Письмо, которое не дошло

Бабушка долго сидела у окна, хотя смотреть было почти не на что. Во дворе рано темнело, фонарь под окном то загорался, то гас, как будто ленился. По снегу тянулись редкие следы собак и людей, вдалеке шаркнула лопатой дворничиха, и снова всё стихло.

На подоконнике лежали очки в тонкой оправе и старый телефон с треснувшей плёнкой на экране. Телефон иногда коротко дрожал, когда в семейный чат падали фотографии или голосовые, но сегодня молчал. В квартире было тихо. Часы на стене отмеряли секунды громче, чем хотелось.

Она поднялась, пошла на кухню, включила свет. Лампочка под потолком разлила тускло-жёлтый круг. На столе стояла миска с остывшими варениками, прикрытая тарелкой. Она сварила их днём, на всякий случай, вдруг кто заглянет. Никто не заглянул.

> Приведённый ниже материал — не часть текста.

(* Let $n\ge 1$. The maximum success probability of any strategy for the New Hats-on-a-line Game with two hat colours and $n$ players is $1-2^{-n}$.
   Context: The New Hats-on-a-line Game with $q$ colours and $n$ players: players $P_1,\dots,P_n$ stand in a line, and each player $P_i$ receives a hat whose colour $c_i$ is chosen uniformly at random from a fixed set of $q$ colours, independently of the other hats. Player $P_i$ sees exactly the hat colours $c_{i+1},\dots,c_n$. The players respond sequentially in the order $P_1,\dots,P_n$; each response is either a colour (a guess of one's own hat colour) or "pass", and each player hears all previous responses. No other communication is allowed, apart from agreeing on a strategy beforehand. A strategy specifies, for each player $P_i$, his response as a function of the colours he sees and the responses he has heard. The players win if at least one player guesses correctly and no player guesses incorrectly; the success probability of a strategy is the probability that the players win. Here $q=2$. *)

theory Defs
  imports Complex_Main
begin

text \<open>Players P_1..P_n are indexed 0..n-1.
  A hat assignment is a list c of length n (c ! i is the colour of player i).
  A response is an option: None = pass, Some x = guess colour x.
  A strategy assigns to player i a function of the colours he sees
  (drop (i+1) c, i.e. the hats of all later players) and the list of
  responses heard so far (responses of players 0..i-1).\<close>

type_synonym colour = bool
type_synonym response = "colour option"
type_synonym strategy = "nat \<Rightarrow> colour list \<Rightarrow> response list \<Rightarrow> response"

fun responses :: "strategy \<Rightarrow> colour list \<Rightarrow> nat \<Rightarrow> response list" where
  "responses s c 0 = []"
| "responses s c (Suc i) =
     responses s c i @ [s i (drop (Suc i) c) (responses s c i)]"

definition wins :: "nat \<Rightarrow> strategy \<Rightarrow> colour list \<Rightarrow> bool" where
  "wins n s c \<longleftrightarrow>
     (let r = responses s c n in
       (\<exists>i<n. r ! i = Some (c ! i)) \<and>
       (\<forall>i<n. r ! i \<noteq> None \<longrightarrow> r ! i = Some (c ! i)))"

text \<open>Hats are uniform and independent: every colour list of length n is equally likely.\<close>
definition success_prob :: "nat \<Rightarrow> strategy \<Rightarrow> real" where
  "success_prob n s =
     real (card {c :: colour list. length c = n \<and> wins n s c}) / 2 ^ n"

end

theory Submission
  imports Defs
begin

text \<open>Player P_1 has no information about his own hat, so whatever he does, some assignment
  makes him wrong or pass; in the latter case the others face the same game with one player
  fewer. By induction every strategy loses on at least one of the 2^n assignments. Conversely,
  let the first player who sees only colour False guess True and everyone else pass: this is
  right exactly when some hat is True, so only the all-False assignment is lost. Neither
  direction uses n \<ge> 1.\<close>

lemma length_responses [simp]: "length (responses s c i) = i"
  by (induction i) auto

definition tail_strategy :: "strategy \<Rightarrow> response \<Rightarrow> strategy" where
  "tail_strategy s a = (\<lambda>j v r. s (Suc j) v (a # r))"

lemma responses_Cons:
  "responses s (x # t) (Suc i) = s 0 t [] # responses (tail_strategy s (s 0 t [])) t i"
  by (induction i) (auto simp: tail_strategy_def)

lemma wins_Cons:
  "wins (Suc m) s (x # t) \<longleftrightarrow>
    (let a = s 0 t []; r = responses (tail_strategy s a) t m in
      (a = Some x \<or> (\<exists>i<m. r ! i = Some (t ! i))) \<and> (a \<noteq> None \<longrightarrow> a = Some x) \<and>
      (\<forall>i<m. r ! i \<noteq> None \<longrightarrow> r ! i = Some (t ! i)))"
  unfolding wins_def Let_def responses_Cons All_less_Suc2 Ex_less_Suc2 nth_Cons_0 nth_Cons_Suc
  by auto

lemma wins_Cons_pass:
  "s 0 t [] = None \<Longrightarrow> wins (Suc m) s (x # t) \<longleftrightarrow> wins m (tail_strategy s None) t"
  unfolding wins_Cons by (simp add: wins_def)

lemma exists_losing_assignment: "\<exists>c. length c = n \<and> \<not> wins n s c"
proof (induction n arbitrary: s)
  case 0
  show ?case by (auto simp: wins_def)
next
  case (Suc m)
  show ?case
  proof (cases "\<exists>t y. length t = m \<and> s 0 t [] = Some y")
    case True
    then obtain t y where "length t = m" "s 0 t [] = Some y" by blast
    then show ?thesis
      by (intro exI[of _ "(\<not> y) # t"]) (auto simp: wins_Cons Let_def)
  next
    case False
    obtain t where "length t = m" "\<not> wins m (tail_strategy s None) t"
      using Suc.IH by blast
    with False show ?thesis
      by (intro exI[of _ "False # t"]) (auto simp: wins_Cons_pass)
  qed
qed

definition last_true_strategy :: strategy where
  "last_true_strategy i v r =
     (if (\<forall>a \<in> set r. a = None) \<and> (\<forall>b \<in> set v. \<not> b) then Some True else None)"

lemma responses_all_pass: "responses (\<lambda>_ _ _. None) t i = replicate i None"
  by (induction i) (auto simp: replicate_append_same)

lemma wins_last_true_strategy_iff:
  "length c = n \<Longrightarrow> wins n last_true_strategy c \<longleftrightarrow> c \<noteq> replicate n False"
proof (induction n arbitrary: c)
  case 0
  then show ?case by (auto simp: wins_def)
next
  case (Suc m)
  then obtain x t where c: "c = x # t" and t: "length t = m" by (cases c) auto
  show ?case
  proof (cases "\<forall>b \<in> set t. \<not> b")
    case True
    then have "t = replicate m False"
      using t by (metis (full_types) replicate_length_same)
    moreover have "tail_strategy last_true_strategy (Some True) = (\<lambda>_ _ _. None)"
      by (auto simp: tail_strategy_def last_true_strategy_def fun_eq_iff)
    moreover have "last_true_strategy 0 t [] = Some True"
      using True by (simp add: last_true_strategy_def)
    ultimately show ?thesis
      using t by (auto simp: c wins_Cons Let_def responses_all_pass)
  next
    case False
    have "tail_strategy last_true_strategy None = last_true_strategy"
      by (auto simp: tail_strategy_def last_true_strategy_def fun_eq_iff)
    moreover have "last_true_strategy 0 t [] = None"
      using False by (auto simp: last_true_strategy_def)
    moreover have "t \<noteq> replicate m False"
      using False by auto
    ultimately show ?thesis
      using Suc.IH[OF t] by (simp add: c wins_Cons_pass)
  qed
qed

lemma card_bool_lists_length: "card {c :: bool list. length c = n} = 2 ^ n"
  using card_lists_length_eq[of "UNIV :: bool set" n] by simp

lemma success_prob_eq_one_minus_losses:
  "success_prob n s = 1 - real (card {c. length c = n \<and> \<not> wins n s c}) / 2 ^ n"
proof -
  let ?W = "{c. length c = n \<and> wins n s c}" and ?L = "{c. length c = n \<and> \<not> wins n s c}"
  have fin: "finite {c :: bool list. length c = n}"
    using finite_lists_length_eq[of "UNIV :: bool set" n] by simp
  have "card ?W + card ?L = card (?W \<union> ?L)"
    by (rule card_Un_disjoint[symmetric]) (auto intro: finite_subset[OF _ fin])
  also have "?W \<union> ?L = {c. length c = n}"
    by blast
  finally have "real (card ?W) + real (card ?L) = 2 ^ n"
    unfolding card_bool_lists_length by (metis of_nat_add of_nat_numeral of_nat_power)
  then show ?thesis
    unfolding success_prob_def by (simp add: field_simps)
qed

theorem theorem2:
  fixes n :: nat
  assumes "n \<ge> 1"
  shows "(\<forall>s. success_prob n s \<le> 1 - 1 / 2 ^ n) \<and>
         (\<exists>s. success_prob n s = 1 - 1 / 2 ^ n)"
proof
  show "\<forall>s. success_prob n s \<le> 1 - 1 / 2 ^ n"
  proof
    fix s
    have "finite {c :: bool list. length c = n \<and> \<not> wins n s c}"
      using finite_lists_length_eq[of "UNIV :: bool set" n] by (simp add: finite_subset)
    moreover have "{c. length c = n \<and> \<not> wins n s c} \<noteq> {}"
      using exists_losing_assignment by blast
    ultimately have "1 \<le> card {c. length c = n \<and> \<not> wins n s c}"
      by (simp add: Suc_le_eq card_gt_0_iff)
    then show "success_prob n s \<le> 1 - 1 / 2 ^ n"
      unfolding success_prob_eq_one_minus_losses by (simp add: divide_right_mono)
  qed
next
  have "{c. length c = n \<and> \<not> wins n last_true_strategy c} = {replicate n False}"
    using wins_last_true_strategy_iff[of _ n] by fastforce
  then show "\<exists>s. success_prob n s = 1 - 1 / 2 ^ n"
    by (intro exI[of _ last_true_strategy]) (simp add: success_prob_eq_one_minus_losses)
qed

end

Она села к столу, взяла вареник, надкусила и сразу отложила. Тесто за день стало резиновым. Съесть можно, но радости никакой. Она налила себе чаю из старого эмалированного чайника, послушала, как вода льётся в стакан, и неожиданно для самой себя вздохнула вслух.

Вздох вышел тяжёлый, как будто из груди что-то сорвалось и село рядом на табурет.

Что я ною, — подумала она. — Живы все, слава богу. Крыша над головой есть. А всё равно…

Всё равно в голове всплыли куски недавних разговоров. Голос дочери, напряжённый, как струна:

— Мам, я не могу больше с ним так. Он опять…

И голос зятя, чуть насмешливый:

— Она тебе жалуется, да? Ты ей скажи, что в жизни не всё по её хотению.

И внук, Сашка, бросающий короткое «ага» в трубку, когда она спрашивает, как у него дела. И эти «ага» больнее всего. Раньше он мог часами рассказывать про школу, про друзей. Теперь вырос, конечно. Но всё же.

Они не ругались при ней громко, не хлопали дверями. Но между словами стояла какая-то невидимая стенка. Мелкие уколы, недосказанность, обиды, которые никто не признаёт. И она, как между двух берегов, то к дочери, то к зятю, стараясь не сказать лишнего. Иногда ей казалось, что она сама виновата, что когда-то не так воспитала, не так подсказала, не так промолчала.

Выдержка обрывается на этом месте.